lemma Union_subset_sun_class:
  assumes "sun_class h V F" "S \<in> F"
  shows "\<Union>S \<subseteq> V"
proof -
  have "\<forall>S\<in>F. is_sun h S \<and> S \<subseteq> complete_edges V"
    using assms(1) unfolding sun_class_def by (rule conjunct1)
  then have "\<Union>S \<subseteq> \<Union>(complete_edges V)" using assms(2) by (simp add: Union_mono)
  then show ?thesis using Union_complete_edges_subset by (rule subset_trans)
qed

lemma sun_class_vertex_partition:
  assumes "sun_class h V F"
  shows "disjoint_family_on Union F" and "(\<Union>S\<in>F. \<Union>S) = V"
proof -
  have uniq: "\<forall>x\<in>V. \<exists>!S. S \<in> F \<and> x \<in> \<Union>S"
    using assms unfolding sun_class_def by (rule conjunct2)
  note sub = Union_subset_sun_class[OF assms]
  show "disjoint_family_on Union F"
    unfolding disjoint_family_on_def
  proof (intro ballI impI)
    fix S T assume "S \<in> F" "T \<in> F" "S \<noteq> T"
    show "\<Union>S \<inter> \<Union>T = {}"
    proof (rule ccontr)
      assume "\<Union>S \<inter> \<Union>T \<noteq> {}"
      then obtain x where "x \<in> \<Union>S" "x \<in> \<Union>T" by blast
      moreover from this have "\<exists>!U. U \<in> F \<and> x \<in> \<Union>U"
        using uniq sub \<open>S \<in> F\<close> by blast
      ultimately show False using \<open>S \<in> F\<close> \<open>T \<in> F\<close> \<open>S \<noteq> T\<close> by blast
    qed
  qed
  show "(\<Union>S\<in>F. \<Union>S) = V"
  proof (intro equalityI subsetI)
    fix x assume "x \<in> V"
    then obtain S where "S \<in> F" "x \<in> \<Union>S" using uniq by blast
    then show "x \<in> (\<Union>S\<in>F. \<Union>S)" by blast
  qed (use sub in blast)
qed

lemma finite_sun_class: "finite V \<Longrightarrow> sun_class h V F \<Longrightarrow> finite F"
  by (rule finite_subset[of _ "Pow (complete_edges V)"])
    (auto simp: sun_class_def finite_complete_edges)

lemma finite_Union_sun_class_member:
  "finite V \<Longrightarrow> sun_class h V F \<Longrightarrow> S \<in> F \<Longrightarrow> finite (\<Union>S)"
  by (rule finite_subset[OF Union_subset_sun_class])

lemma card_sun_class:
  assumes "3 \<le> h" "finite V" "sun_class h V F"
  shows "card V = 2 * h * card F"
proof -
  note partition = sun_class_vertex_partition[OF assms(3)]
  note fin = finite_sun_class[OF assms(2,3)] finite_Union_sun_class_member[OF assms(2,3)]
  have "card V = (\<Sum>S\<in>F. card (\<Union>S))"
    using card_UN_disjoint'[OF partition(1) fin(2) fin(1)] partition(2) by simp
  also have "\<dots> = (\<Sum>S\<in>F. 2 * h)"
    using assms(1,3) card_Union_is_sun by (intro sum.cong) (auto simp: sun_class_def)
  finally show ?thesis by simp
qed

lemma odd_degree_sun_class:
  assumes "3 \<le> h" "sun_class h V F" "x \<in> V"
  shows "odd (degree (\<Union>F) x)"
proof -
  note partition = sun_class_vertex_partition[OF assms(2)]
  obtain S where S: "S \<in> F" "x \<in> \<Union>S"
    using assms(3) unfolding partition(2)[symmetric] by blast
  then have "degree (\<Union>F) x = degree S x"
    by (rule degree_Union_vertex_disjoint[OF partition(1)])
  then show ?thesis
    using odd_degree_is_sun[OF assms(1) _ S(2)] S(1) assms(2) by (simp add: sun_class_def)
qed

lemma sum_degree_sun_class:
  assumes "3 \<le> h" "finite V" "sun_class h V F"
  shows "(\<Sum>x\<in>V. degree (\<Union>F) x) = 2 * card V"
proof -
  note partition = sun_class_vertex_partition[OF assms(3)]
  note fin = finite_sun_class[OF assms(2,3)] finite_Union_sun_class_member[OF assms(2,3)]
  have "(\<Sum>x\<in>V. degree (\<Union>F) x) = (\<Sum>S\<in>F. \<Sum>x\<in>\<Union>S. degree (\<Union>F) x)"
    using sum.UNION_disjoint_family[OF fin(1) _ partition(1)] fin(2) partition(2) by simp
  also have "\<dots> = (\<Sum>S\<in>F. \<Sum>x\<in>\<Union>S. degree S x)"
    by (intro sum.cong refl) (simp only: degree_Union_vertex_disjoint[OF partition(1)])
  also have "\<dots> = (\<Sum>S\<in>F. 2 * card (\<Union>S))"
    using assms(1,3) sum_degree_is_sun by (intro sum.cong) (auto simp: sun_class_def)
  also have "\<dots> = 2 * card V"
    using card_UN_disjoint'[OF partition(1) fin(2) fin(1)] partition(2)
    by (simp add: sum_distrib_left)
  finally show ?thesis .
qed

★ ★ ★

**EXERCISE**
For every line above that holds the word "finally", report the whole line.

**YOUR SOLUTION**
  finally show ?thesis by simp
  finally show ?thesis .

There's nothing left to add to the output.